Selenskyj signiert französischen Marschflugkörper mit 250 km-Reichweite

Die Piloten hätten seit dem Beginn des russischen Angriffskrieges mehr als 14.000 Kampfeinsätze geflogen, schrieb Selenskyj am Sonntag bei Telegram. Auf dazu geteilten Bildern und Videos ist zu sehen, wie der Präsident auf einem unbekannten Luftwaffenstützpunkt auf einen am Kampfflugzeug befestigten mutmaßlich französischen Marschflugkörper vom Typ Scalp/EG "Ruhm der Ukraine" schreibt und diesen signiert.

Die Bezeichnung des Raketentyps ist in den Farben der französischen Flagge auf den Marschflugkörper aufgedruckt, daneben ist zudem ein Eiffelturm zu erkennen. Nachdem der französische Präsident Emmanuel Macron die Lieferung der Waffen auf dem Nato-Gipfel in Vilnius im Juli angekündigt hatte, sehen ukrainische Medien nun die Lieferung dieser Marschflugkörper mit einer Reichweite von mehr als 250 Kilometern durch Frankreich als erwiesen an. 

Ukraine-Gipfel in Saudi-Arabien ohne Ergebnis

Ein großer Ukraine-Gipfel in Saudi-Arabien mit mehr als 30 Teilnehmer-Ländern wurde am Wochenende ohne eine abschließende Vereinbarung beendet. Kiew spricht aber von vielen wichtigen bilateralen Treffen und Sicherheitsgarantien für die Ukraine.
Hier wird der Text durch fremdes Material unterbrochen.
(* In the two-door cascading memoryless semi-fractional setting, there is an optimal semi-fractional sequence $\pi^\star$ (i.e. $\mathbb{E}[\pi^\star]\le\mathbb{E}[\pi]$ for every semi-fractional sequence $\pi$) of the form $1^s(2\,1^t)^\infty$ for some positive reals $s,t$, and its expected running time is $$\mathbb{E}[\pi^\star]=\min_{z\in[0,1]}\left(\log_{q_1}(1-z)+\frac{c+(1-p_2z)\log_{q_1}(1-p_2z)}{p_2z}\right).$$
   Context: Two cascading memoryless doors with durations: parameters $p_1,p_2\in(0,1)$, $q_1=1-p_1$, $q_2=1-p_2$, and $c>0$. Both doors start closed. A semi-fractional sequence is an infinite alternating sequence of knocks $1^{t_1}\,2\,1^{t_2}\,2\cdots$ with real $t_j\ge0$. A 1-knock $1^t$ takes $t$ time units and, if door 1 is closed, opens it with probability $1-q_1^t$, independently of everything else. A 2-knock takes $c$ time units and opens door 2 with probability $p_2$ (independently) if door 1 is open at that time, and with probability $0$ otherwise. There is no feedback. The running time is the time at which both doors are open, and $\mathbb{E}[\pi]$ is its expectation for sequence $\pi$. $(2\,1^t)^\infty$ denotes infinite repetition. *)

theory Defs
  imports "HOL-Probability.Probability"
begin

text \<open>A semi-fractional sequence 1^(t 0) 2 1^(t 1) 2 1^(t 2) 2 ... is given by
  t :: nat \<Rightarrow> real with all t i \<ge> 0.  Knock j (0-based) of kind 1 is the
  1-knock 1^(t j); knock j of kind 2 is the 2-knock immediately after it.

  Outcome space: for every index i a pair (a_i, b_i) of independent coins:
  a_i says whether the i-th 1-knock would open door 1 if it is closed
  (probability 1 - q1 powr (t i)), b_i says whether the i-th 2-knock would
  open door 2 if door 1 is open (probability p2).\<close>

definition knock_space :: "real \<Rightarrow> real \<Rightarrow> (nat \<Rightarrow> real) \<Rightarrow> (nat \<Rightarrow> bool \<times> bool) measure" where
  "knock_space p1 p2 t =
     (\<Pi>\<^sub>M i\<in>UNIV. measure_pmf (pair_pmf (bernoulli_pmf (1 - (1 - p1) powr t i)) (bernoulli_pmf p2)))"

definition door1_open_at :: "(nat \<Rightarrow> bool \<times> bool) \<Rightarrow> nat \<Rightarrow> bool" where
  "door1_open_at \<omega> j = (\<exists>i\<le>j. fst (\<omega> i))"

definition door2_opens_at :: "(nat \<Rightarrow> bool \<times> bool) \<Rightarrow> nat \<Rightarrow> bool" where
  "door2_opens_at \<omega> j = (door1_open_at \<omega> j \<and> snd (\<omega> j))"

definition running_time :: "real \<Rightarrow> (nat \<Rightarrow> real) \<Rightarrow> (nat \<Rightarrow> bool \<times> bool) \<Rightarrow> ennreal" where
  "running_time c t \<omega> =
     (if \<exists>j. door2_opens_at \<omega> j
      then ennreal (\<Sum>i\<le>(LEAST j. door2_opens_at \<omega> j). t i + c)
      else \<infinity>)"

definition expected_time :: "real \<Rightarrow> real \<Rightarrow> real \<Rightarrow> (nat \<Rightarrow> real) \<Rightarrow> ennreal" where
  "expected_time p1 p2 c t = (\<integral>\<^sup>+ \<omega>. running_time c t \<omega> \<partial>knock_space p1 p2 t)"

definition semi_fractional :: "(nat \<Rightarrow> real) \<Rightarrow> bool" where
  "semi_fractional t = (\<forall>i. 0 \<le> t i)"

definition periodic_seq :: "real \<Rightarrow> real \<Rightarrow> nat \<Rightarrow> real" where
  "periodic_seq s t = (\<lambda>i. if i = 0 then s else t)"

end

theory Submission
  imports Defs
begin

text \<open>Write \<open>q = 1 - p1\<close>, let \<open>X j = q powr (t 0 + \<dots> + t (j - 1))\<close> be the probability that door 1 is
  still closed before the \<open>j\<close>-th 2-knock and \<open>P j\<close> the probability that door 2 is.  Then
  \<open>E[\<pi>] = (\<Sum>j. (t j + c) * P j)\<close> and \<open>P (j + 1) = (1 - p2) * P j + p2 * X (j + 1)\<close>.

  Let \<open>m\<close> be the minimum over \<open>z \<in> (0, 1)\<close> of the function \<open>f\<close> of the theorem.  Multiplied by \<open>p2 z\<close>,
  \<open>m \<le> f z\<close> says exactly that the potential \<open>m (1 - P N) + P N log q (X N / P N)\<close> grows by at most
  the cost \<open>(t N + c) P N\<close> of round \<open>N\<close> (take \<open>z = 1 - X (N + 1) / P N\<close>).  The potential is at
  least \<open>m (1 - P N)\<close>, and \<open>P N \<rightarrow> 0\<close> when \<open>E[\<pi>]\<close> is finite, so \<open>E[\<pi>] \<ge> m\<close>.  Conversely, for a
  minimiser \<open>z0\<close>, the sequence with \<open>s = log q (1 - z0)\<close> and \<open>t = log q (1 - p2 z0)\<close> has
  \<open>P j = (1 - p2 z0) ^ j\<close>, and its expected running time is the geometric sum \<open>f z0\<close>.\<close>

section \<open>Survival probabilities\<close>

definition closed_prob :: "real \<Rightarrow> (nat \<Rightarrow> real) \<Rightarrow> nat \<Rightarrow> real" where
  "closed_prob q t j = (\<Prod>i<j. q powr t i)"

fun survival_prob :: "real \<Rightarrow> real \<Rightarrow> (nat \<Rightarrow> real) \<Rightarrow> nat \<Rightarrow> real" where
  "survival_prob q p t 0 = 1"
| "survival_prob q p t (Suc j) = (1 - p) * survival_prob q p t j + p * closed_prob q t (Suc j)"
Besonders die Teilnahme Chinas, das bei einem Treffen in ähnlichem Format in Kopenhagen im Juni nicht vertreten war, werteten Diplomaten als Erfolg.
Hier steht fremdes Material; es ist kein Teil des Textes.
lemma has_integral_cauchy_transform_rational:
  fixes p r :: "complex poly"
  assumes dp: "degree p < degree r" and nz: "\<And>x::real. x \<ge> 0 \<Longrightarrow> poly r (of_real x) \<noteq> 0"
    and \<zeta>: "\<zeta> \<notin> complex_of_real ` {0..}" "poly r \<zeta> \<noteq> 0"
  shows "((\<lambda>x::real. poly p (of_real x) / poly r (of_real x) / (of_real x - \<zeta>)) has_integral
           (poly p \<zeta> * (integral {0..} (\<lambda>x::real. 1 / (of_real x + 1) -
                           lead_coeff r * of_real x ^ (degree r - 1) / poly r (of_real x)) - Ln (- \<zeta>)) +
            (\<Sum>j<degree r - 1. poly (bezout_coeff p r j) \<zeta> *
                               integral {0..} (\<lambda>x::real. of_real x ^ j / poly r (of_real x)))) / poly r \<zeta>) {0..}"
proof -
  define n where "n = degree r"
  define f where "f x = 1 / (of_real x + 1) - lead_coeff r * of_real x ^ (n - 1) / poly r (of_real x)" for x :: real
  define g where "g j x = of_real x ^ j / poly r (of_real x)" for j and x :: real
  have "f absolutely_integrable_on {0..}"
    unfolding f_def[abs_def] n_def using dp nz by (intro absolutely_integrable_leading_term_correction) auto
  then have f: "(f has_integral integral {0..} f) {0..}"
    by (simp add: absolutely_integrable_on_def has_integral_integral)
  have "g j absolutely_integrable_on {0..}" if "j < n - 1" for j
    using rational_function_absolutely_integrable[of "monom 1 j" r] that nz
    by (simp add: g_def[abs_def] n_def degree_monom_eq poly_monom)
  then have g: "(g j has_integral integral {0..} (g j)) {0..}" if "j < n - 1" for j
    using that by (simp add: absolutely_integrable_on_def has_integral_integral)
  have "((\<lambda>x. (poly p \<zeta> * ((1 / (of_real x - \<zeta>) - 1 / (of_real x + 1)) + f x) +
              (\<Sum>j<n - 1. poly (bezout_coeff p r j) \<zeta> * g j x)) / poly r \<zeta>)
         has_integral (poly p \<zeta> * (- Ln (- \<zeta>) + integral {0..} f) +
                       (\<Sum>j<n - 1. poly (bezout_coeff p r j) \<zeta> * integral {0..} (g j))) / poly r \<zeta>) {0..}"
    using \<zeta> by (intro has_integral_divide has_integral_add has_integral_mult_right has_integral_sum
                 has_integral_log_kernel f g) auto
  then show ?thesis
  proof (rule has_integral_eq_rhs[OF has_integral_eq, rotated])
    fix x :: real
    assume "x \<in> {0..}"
    then have "of_real x \<noteq> \<zeta>" "poly r (of_real x) \<noteq> 0"
      using \<zeta> nz by auto
    then show "(poly p \<zeta> * ((1 / (of_real x - \<zeta>) - 1 / (of_real x + 1)) + f x) +
               (\<Sum>j<n - 1. poly (bezout_coeff p r j) \<zeta> * g j x)) / poly r \<zeta> =
               poly p (of_real x) / poly r (of_real x) / (of_real x - \<zeta>)"
      using bezout_partial_fraction[OF dp] \<zeta> by (simp add: f_def g_def n_def)
  qed (simp add: f_def[abs_def] g_def[abs_def] n_def algebra_simps)
qed

theorem lemma8:
  fixes p r :: "complex poly"
  assumes deg: "degree r \<ge> degree p + 1"
    and nozero: "\<forall>x::real. x \<ge> 0 \<longrightarrow> poly r (complex_of_real x) \<noteq> 0"
  shows "\<exists>P :: complex poly. degree P \<le> degree r - 1 \<and>
    (\<forall>\<zeta>. \<zeta> \<notin> complex_of_real ` {0..} \<and> poly r \<zeta> \<noteq> 0 \<longrightarrow>
      ((\<lambda>\<omega>::real. (poly p (complex_of_real \<omega>) / poly r (complex_of_real \<omega>))
                    / (complex_of_real \<omega> - \<zeta>))
        has_integral ((poly P \<zeta> - poly p \<zeta> * Ln (- \<zeta>)) / poly r \<zeta>)) {0..})"
proof -
  define C where "C = integral {0..} (\<lambda>x::real. 1 / (of_real x + 1) -
                        lead_coeff r * of_real x ^ (degree r - 1) / poly r (of_real x))"
  define c where "c j = integral {0..} (\<lambda>x::real. of_real x ^ j / poly r (of_real x))" for j
  define P where "P = smult C p + (\<Sum>j<degree r - 1. smult (c j) (bezout_coeff p r j))"
  have dp: "degree p < degree r"
    using deg by simp
  show ?thesis
  proof (intro exI[of _ P] conjI allI impI)
    show "degree P \<le> degree r - 1"
      using dp degree_bezout_coeff[of p "degree r" r] unfolding P_def
      by (intro degree_add_le degree_sum_le order.trans[OF degree_smult_le]) auto
  next
    fix \<zeta> assume "\<zeta> \<notin> complex_of_real ` {0..} \<and> poly r \<zeta> \<noteq> 0"
    moreover have "(poly P \<zeta> - poly p \<zeta> * Ln (- \<zeta>)) / poly r \<zeta> =
        (poly p \<zeta> * (C - Ln (- \<zeta>)) + (\<Sum>j<degree r - 1. poly (bezout_coeff p r j) \<zeta> * c j)) /
        poly r \<zeta>"
      by (simp add: P_def poly_sum algebra_simps)
    ultimately show "((\<lambda>\<omega>::real. (poly p (complex_of_real \<omega>) / poly r (complex_of_real \<omega>))
                    / (complex_of_real \<omega> - \<zeta>))
        has_integral ((poly P \<zeta> - poly p \<zeta> * Ln (- \<zeta>)) / poly r \<zeta>)) {0..}"
      using has_integral_cauchy_transform_rational[OF dp] nozero by (simp add: C_def c_def)
  qed
qed

end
Kern der Friedensformel von Ukraines Präsident Wolodymyr Selenskyj ist die Forderung nach einem Abzug russischer Truppen aus dem gesamten Staatsgebiet der Ukraine. Aber auch Gastgeber Saudi-Arabien soll einen Friedensplan in Umlauf gebracht haben. Russland hatte nicht teilgenommen.

Von Riad hieß es nach dem Ende des Treffens, die Teilnehmer hätten sich darauf geeinigt, internationale Beratungen fortzusetzen, um auf gemeinsamer Grundlage den Weg zum Frieden zu ebnen, wie die Staatsagentur SPA am Sonntagabend berichtete.